(Saved entries)
lemma exp1_irrational: "(exp 1 :: real) \<notin> \<rat>"
proof
  assume "(exp 1 :: real) \<in> \<rat>"
  then obtain a b :: int where "0 < b" and e: "exp 1 = (of_int a / of_int b :: real)"
    by (rule Rats_cases') auto
  define n where "n = nat b + 2"
  have "nat b dvd fact n" using \<open>0 < b\<close> by (intro dvd_fact) (auto simp: n_def)
  then have "int (nat b) dvd int (fact n)" by (simp only: int_dvd_int_iff)
  then obtain c where "fact n = b * c" using \<open>0 < b\<close> by auto
  then have "(fact n :: real) = of_int b * of_int c" by (metis of_int_fact of_int_mult)
  then have "fact n * exp 1 = (of_int (a * c) :: real)" using e \<open>0 < b\<close> by simp
  define d where "d = a * c - int (s_e_num n)"
  have "fact n * (exp 1 - s_e n) = of_int d"
    using \<open>fact n * exp 1 = of_int (a * c)\<close>
    by (simp add: d_def right_diff_distrib flip: of_nat_s_e_num)
  moreover have "0 < fact n * (exp 1 - s_e n)"
  proof -
    have "0 < exp 1 - s_e n" by (rule order.strict_trans[OF _ exp1_minus_s_e_gt]) simp
    then show ?thesis by simp
  qed
  moreover have "fact n * (exp 1 - s_e n) < 1"
  proof -
    have "fact n * (exp 1 - s_e n) < fact n * (3 / fact (Suc n))"
      using exp1_minus_s_e_lt[of n] by (intro mult_strict_left_mono) auto
    also have "\<dots> = 3 / (n + 1)" by simp
    also have "\<dots> \<le> 1" by (simp add: n_def)
    finally show ?thesis .
  qed
  ultimately show False by simp
qed

lemma s_e_num_split:
  assumes "a \<le> b"
  shows "s_e_num b = fact b div fact a * s_e_num a + (\<Sum>r = Suc a..b. fact b div fact r)"
proof -
  have "{0..b} = {0..a} \<union> {Suc a..b}" using assms by auto
  then have "s_e_num b = (\<Sum>r = 0..a. fact b div fact r) + (\<Sum>r = Suc a..b. fact b div fact r)"
    unfolding s_e_num_def by (simp add: sum.union_disjoint)
  moreover have "fact b div fact a * (fact a div fact r) = (fact b div fact r :: nat)" if "r \<le> a" for r
  proof -
    have "fact b div fact a * (fact a div fact r) = fact b * fact a div (fact r * fact a :: nat)"
      using that assms by (simp add: div_mult_div_if_dvd fact_dvd mult.commute)
    then show ?thesis by simp
  qed
  ultimately show ?thesis by (simp add: s_e_num_def sum_distrib_left)
qed

text \<open>\<open>n! / s_e_gcd n\<close> is the denominator of \<open>s\<^sub>n\<close> in lowest terms.\<close>

definition s_e_gcd :: "nat \<Rightarrow> nat" where
  "s_e_gcd n = gcd (s_e_num n) (fact n)"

> _Problem details_
Quote, without alteration, the final stretch of the entries: the line with "then obtain c" onward to the last line.

> _Output below_
  then obtain c where "fact n = b * c" using \<open>0 < b\<close> by auto
  then have "(fact n :: real) = of_int b * of_int c" by (metis of_int_fact of_int_mult)
  then have "fact n * exp 1 = (of_int (a * c) :: real)" using e \<open>0 < b\<close> by simp
  define d where "d = a * c - int (s_e_num n)"
  have "fact n * (exp 1 - s_e n) = of_int d"
    using \<open>fact n * exp 1 = of_int (a * c)\<close>
    by (simp add: d_def right_diff_distrib flip: of_nat_s_e_num)
  moreover have "0 < fact n * (exp 1 - s_e n)"
  proof -
    have "0 < exp 1 - s_e n" by (rule order.strict_trans[OF _ exp1_minus_s_e_gt]) simp
    then show ?thesis by simp
  qed
  moreover have "fact n * (exp 1 - s_e n) < 1"
  proof -
    have "fact n * (exp 1 - s_e n) < fact n * (3 / fact (Suc n))"
      using exp1_minus_s_e_lt[of n] by (intro mult_strict_left_mono) auto
    also have "\<dots> = 3 / (n + 1)" by simp
    also have "\<dots> \<le> 1" by (simp add: n_def)
    finally show ?thesis .
  qed
  ultimately show False by simp
qed

lemma s_e_num_split:
  assumes "a \<le> b"
  shows "s_e_num b = fact b div fact a * s_e_num a + (\<Sum>r = Suc a..b. fact b div fact r)"
proof -
  have "{0..b} = {0..a} \<union> {Suc a..b}" using assms by auto
  then have "s_e_num b = (\<Sum>r = 0..a. fact b div fact r) + (\<Sum>r = Suc a..b. fact b div fact r)"
    unfolding s_e_num_def by (simp add: sum.union_disjoint)
  moreover have "fact b div fact a * (fact a div fact r) = (fact b div fact r :: nat)" if "r \<le> a" for r
  proof -
    have "fact b div fact a * (fact a div fact r) = fact b * fact a div (fact r * fact a :: nat)"
      using that assms by (simp add: div_mult_div_if_dvd fact_dvd mult.commute)
    then show ?thesis by simp
  qed
  ultimately show ?thesis by (simp add: s_e_num_def sum_distrib_left)
qed

text \<open>\<open>n! / s_e_gcd n\<close> is the denominator of \<open>s\<^sub>n\<close> in lowest terms.\<close>

definition s_e_gcd :: "nat \<Rightarrow> nat" where
  "s_e_gcd n = gcd (s_e_num n) (fact n)"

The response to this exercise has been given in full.